China’s Once and Future Democracy


ORVILLE SCHELL

Despite Xi Jinping’s crackdown and Donald Trump’s silence on human rights, China has a vibrant democratic legacy that may yet reassert itself 

The growing distrust between China and the U.S. will be on full display next week as President Xi Jinping arrives at Mar-a-Lago in Florida for meetings with President Donald Trump. The tension isn’t just a result of Mr. Xi’s policies—a fierce crackdown on dissent, militarization of the South China Sea, intensifying protectionism. Nor is it just a matter of Mr. Trump’s combative campaign rhetoric against China and his early embrace of Taiwan.

For many longtime American observers of the relationship, the worries run deeper and have to do with disappointed expectations about China’s political development. Richard Nixon and Henry Kissinger made their milestone trip to see Mao Zedong and Zhou Enlai almost a half-century ago. By the time Deng Xiaoping arrived in the U.S. in 1979 to normalize U.S.-China relations, the feeling of optimism was palpable. American apostles of engagement looked to a brighter future for China after its long Maoist seizure.
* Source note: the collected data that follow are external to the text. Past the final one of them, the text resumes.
text \<open>If the first two steps of an alternating cycle do not form a switch, i.e. the entry
  M (r a) (c (a+1)) is full, then row r (a+1) can be skipped: start the cycle one step later
  from row r a.\<close>
lemma alt_cycle_shortcut:
  assumes cyc: "alt_cycle q I M r c a b" and q: "q \<ge> 2" and long: "Suc (Suc a) < b"
    and full: "M (r a) (c (Suc a)) \<ge> q - 1"
  shows "alt_cycle q I M (r(Suc a := r a)) c (Suc a) b"
proof -
  let ?r = "r(Suc a := r a)"
  have step: "r t \<in> I \<and> c t \<in> I \<and> 0 < M (r t) (c t) \<and> M (r (Suc t)) (c t) < q - 1 \<and> r t \<noteq> r (Suc t)"
    if "a \<le> t" "t < b" for t
    using cyc that unfolding alt_cycle_def by blast
  have closed: "r b = r a" and last: "c (b - 1) \<noteq> c a" using cyc by (auto simp: alt_cycle_def)
  have "?r t \<in> I \<and> c t \<in> I \<and> 0 < M (?r t) (c t) \<and> M (?r (Suc t)) (c t) < q - 1 \<and> ?r t \<noteq> ?r (Suc t)"
    if t: "Suc a \<le> t" "t < b" for t
  proof (cases "t = Suc a")
    case True
    have "r (Suc (Suc a)) \<noteq> r a" using step[of "Suc a"] full long by auto
    then show ?thesis using True step[of a] step[of "Suc a"] full q long by auto
  next
    case False
    then show ?thesis using t step[of t] by auto
  qed
  moreover have "c (b - 1) \<noteq> c (Suc a)"
  proof
    assume "c (b - 1) = c (Suc a)"
    moreover have "M (r b) (c (b - 1)) < q - 1" using step[of "b - 1"] long by auto
    ultimately show False using closed full by auto
  qed
  ultimately show ?thesis using cyc long closed unfolding alt_cycle_def by auto
qed

text \<open>A switch-free matrix has no alternating cycle: by induction on its length, either the
  first two steps form a switch or the cycle can be shortened.\<close>
lemma no_alternating_cycle:
  assumes sf: "switch_free q I M" and q: "q \<ge> 2"
  shows "\<not> alt_cycle q I M r c a b"
proof (induction "b - a" arbitrary: a r rule: less_induct)
  case less
  show ?case
  proof
    assume cyc: "alt_cycle q I M r c a b"
    then have ab: "a < b" and closed: "r b = r a" and last: "c (b - 1) \<noteq> c a"
      and step: "\<And>t. a \<le> t \<Longrightarrow> t < b \<Longrightarrow> r t \<in> I \<and> c t \<in> I \<and> 0 < M (r t) (c t) \<and>
        M (r (Suc t)) (c t) < q - 1 \<and> r t \<noteq> r (Suc t)"
      and turn: "\<And>t. a \<le> t \<Longrightarrow> Suc t < b \<Longrightarrow> c t \<noteq> c (Suc t)"
      unfolding alt_cycle_def by blast+
    consider "b = Suc a" | "b = Suc (Suc a)" | "Suc (Suc a) < b" "M (r a) (c (Suc a)) < q - 1"
      | "Suc (Suc a) < b" "M (r a) (c (Suc a)) \<ge> q - 1"
      using ab by linarith
    then show False
    proof cases
      case 1
      then show False using step[of a] closed by auto
    next
      case 2
      show False
        using switch_free_E[OF sf, of "r a" "r (Suc a)" "c a" "c (Suc a)"] step[of a] step[of "Suc a"]
          turn[of a] closed 2 by auto
    next
      case 3
      show False
        using switch_free_E[OF sf, of "r a" "r (Suc a)" "c a" "c (Suc a)"] step[of a] step[of "Suc a"]
          turn[of a] 3 by auto
    next
      case 4
      then show False using less.hyps[of "Suc a"] alt_cycle_shortcut[OF cyc q] by auto
    qed
  qed
qed

lemma sum_zero_has_neg:
  fixes f :: "'a \<Rightarrow> 'b::{ordered_comm_monoid_add, linorder}"
  assumes A: "finite A" and sum: "sum f A = 0" and x: "x \<in> A" "f x \<noteq> 0"
  shows "\<exists>y\<in>A. f y < 0"
proof (rule ccontr)
  assume "\<not> ?thesis"
  then have "\<forall>y\<in>A. 0 \<le> f y" by (auto simp: not_less)
  then have "\<forall>y\<in>A. f y = 0" using sum_nonneg_eq_0_iff[OF A] sum by blast
  with x show False by auto
qed

text \<open>An integer matrix with zero row and column sums and a negative entry contains an
  infinite walk alternating between negative entries (r t, c t) and positive entries
  (r (t+1), c t); since there are only n rows, some row repeats.\<close>
lemma alternating_walk:
  fixes D :: "nat \<Rightarrow> nat \<Rightarrow> int"
  assumes rows: "\<And>a. a < n \<Longrightarrow> (\<Sum>b<n. D a b) = 0"
    and cols: "\<And>b. b < n \<Longrightarrow> (\<Sum>a<n. D a b) = 0"
    and start: "r0 < n" "b0 < n" "D r0 b0 < 0"
  obtains r c a b where "\<And>t. r t < n \<and> c t < n \<and> D (r t) (c t) < 0 \<and> 0 < D (r (Suc t)) (c t)"
    and "a < b" "r a = r b"
proof -
  have neg_in_row: "\<exists>b<n. D a b < 0" if "a < n" "b' < n" "D a b' > 0" for a b'
    using sum_zero_has_neg[of "{..<n}" "D a" b'] rows[OF that(1)] that by auto
  have pos_in_col: "\<exists>a<n. D a b > 0" if "b < n" "a' < n" "D a' b < 0" for b a'
    using sum_zero_has_neg[of "{..<n}" "\<lambda>a. - D a b" a'] cols[OF that(1)] that by (auto simp: sum_negf)
  define P where "P a \<longleftrightarrow> a < n \<and> (\<exists>b<n. D a b < 0)" for a
  define col where "col a = (SOME b. b < n \<and> D a b < 0)" for a
  define nxt where "nxt a = (SOME a'. a' < n \<and> D a' (col a) > 0)" for a
  have col: "col a < n \<and> D a (col a) < 0" if "P a" for a
    using that unfolding P_def col_def by (metis (mono_tags, lifting) someI_ex)
  have nxt: "nxt a < n \<and> D (nxt a) (col a) > 0" if "P a" for a
  proof -
    have "\<exists>a'. a' < n \<and> D a' (col a) > 0"
      using pos_in_col[of "col a" a] col[OF that] that unfolding P_def by auto
    then show ?thesis unfolding nxt_def by (metis (mono_tags, lifting) someI_ex)
  qed
  have P_nxt: "P (nxt a)" if "P a" for a
    using nxt[OF that] col[OF that] neg_in_row[of "nxt a" "col a"] unfolding P_def by auto
  define r where "r t = (nxt ^^ t) r0" for t
  have Pr: "P (r t)" for t
  proof (induction t)
    case 0 show ?case using start by (auto simp: r_def P_def)
  next
    case (Suc t) thus ?case using P_nxt by (simp add: r_def)
  qed
  have walk: "r t < n \<and> col (r t) < n \<and> D (r t) (col (r t)) < 0 \<and> 0 < D (r (Suc t)) (col (r t))" for t
    using Pr[of t] col[OF Pr] nxt[OF Pr] by (simp add: r_def P_def)
  have "\<not> inj_on r {..n}"
  proof
    assume "inj_on r {..n}"
    hence "card (r ` {..n}) = Suc n" by (simp add: card_image)
    moreover have "r ` {..n} \<subseteq> {..<n}" using walk by auto
    ultimately show False using card_mono[of "{..<n}" "r ` {..n}"] by auto
  qed
  then obtain a b where "a \<noteq> b" "r a = r b" unfolding inj_on_def by auto
  then obtain a b where "a < b" "r a = r b" by (metis linorder_neqE_nat)
  with walk show thesis by (intro that[of r "\<lambda>t. col (r t)" a b]) auto
qed

lemma qary_entry_le: "qary_matrix q m n M \<Longrightarrow> M i j \<le> q - 1"
  unfolding qary_matrix_def by (cases "i < m \<and> j < n") force+

lemma switch_free_imp_unique:
  assumes q: "q \<ge> 2" and sf: "switch_free q {..<n} M"
    and qM: "qary_matrix q n n M" and qM': "qary_matrix q n n M'"
    and rs: "\<forall>i<n. row_sum n M' i = row_sum n M i" and cs: "\<forall>j<n. col_sum n M' j = col_sum n M j"
  shows "M' = M"
proof (rule ccontr)
  assume "M' \<noteq> M"
  define D where "D a b = int (M' a b) - int (M a b)" for a b
  have rows: "(\<Sum>b<n. D a b) = 0" if "a < n" for a
    using rs that by (simp add: D_def sum_subtractf row_sum_def flip: of_nat_sum)
  have cols: "(\<Sum>a<n. D a b) = 0" if "b < n" for b
    using cs that by (simp add: D_def sum_subtractf col_sum_def flip: of_nat_sum)
  obtain a0 b0 where ne: "D a0 b0 \<noteq> 0" using \<open>M' \<noteq> M\<close> by (auto simp: D_def fun_eq_iff)
  have "a0 < n \<and> b0 < n"
    using ne qM qM' unfolding qary_matrix_def D_def by (cases "a0 < n \<and> b0 < n") auto
  hence ab0: "a0 < n" "b0 < n" by auto
  obtain b1 where b1: "b1 < n" "D a0 b1 < 0"
    using sum_zero_has_neg[of "{..<n}" "D a0" b0] rows[OF ab0(1)] ne ab0 by auto
  obtain r c a b where walk: "\<And>t. r t < n \<and> c t < n \<and> D (r t) (c t) < 0 \<and> 0 < D (r (Suc t)) (c t)"
    and ab: "a < b" "r a = r b"
    using alternating_walk[OF rows cols ab0(1) b1] by blast
  have neg: "M' (r t) (c t) < M (r t) (c t)" and pos: "M (r (Suc t)) (c t) < M' (r (Suc t)) (c t)" for t
    using walk[of t] by (auto simp: D_def)
  have "0 < M (r t) (c t)" "M (r (Suc t)) (c t) < q - 1" for t
    using neg[of t] pos[of t] qary_entry_le[OF qM'] by (auto intro: order_less_le_trans)
  moreover have "c t \<noteq> c (Suc t)" "r t \<noteq> r (Suc t)" for t
    using walk[of t] walk[of "Suc t"] by auto
  moreover have "Suc (b - 1) = b" using ab by simp
  then have "c (b - 1) \<noteq> c a" using walk[of "b - 1"] walk[of a] ab(2) by auto
  ultimately have "alt_cycle q {..<n} M r c a b"
    using walk ab unfolding alt_cycle_def by auto
  with no_alternating_cycle[OF sf q] show False by blast
qed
Their hope was that trade, cultural collaboration and educational exchanges would coax the great country back to a path more convergent with liberal values and American interests.

As Mr. Xi consolidates both his own power and the dominant role of the Communist Party in Chinese life, such hopes now look naive. The Soviet Union collapsed, Mr. Xi says, because “nobody was man enough to stand up and resist” its downfall. Unwilling to countenance a similar fate for China, he has opted for greater autocracy. As he told European dignitaries in Belgium in 2014, “Constitutional monarchy, imperial restoration, parliamentarianism, a multiparty system and a presidential system—we considered them, tried them, but none worked.” For China to “copy a political system or development model from other countries,” he said, “would not fit us, and it might even lead to catastrophic consequences.”

On the eve of Mr. Xi’s first meeting with Mr. Trump, who has shown little interest in the cause of democracy in China (or elsewhere), it is fair to ask whether it is not time, finally, to stop expecting that China will liberalize any time soon.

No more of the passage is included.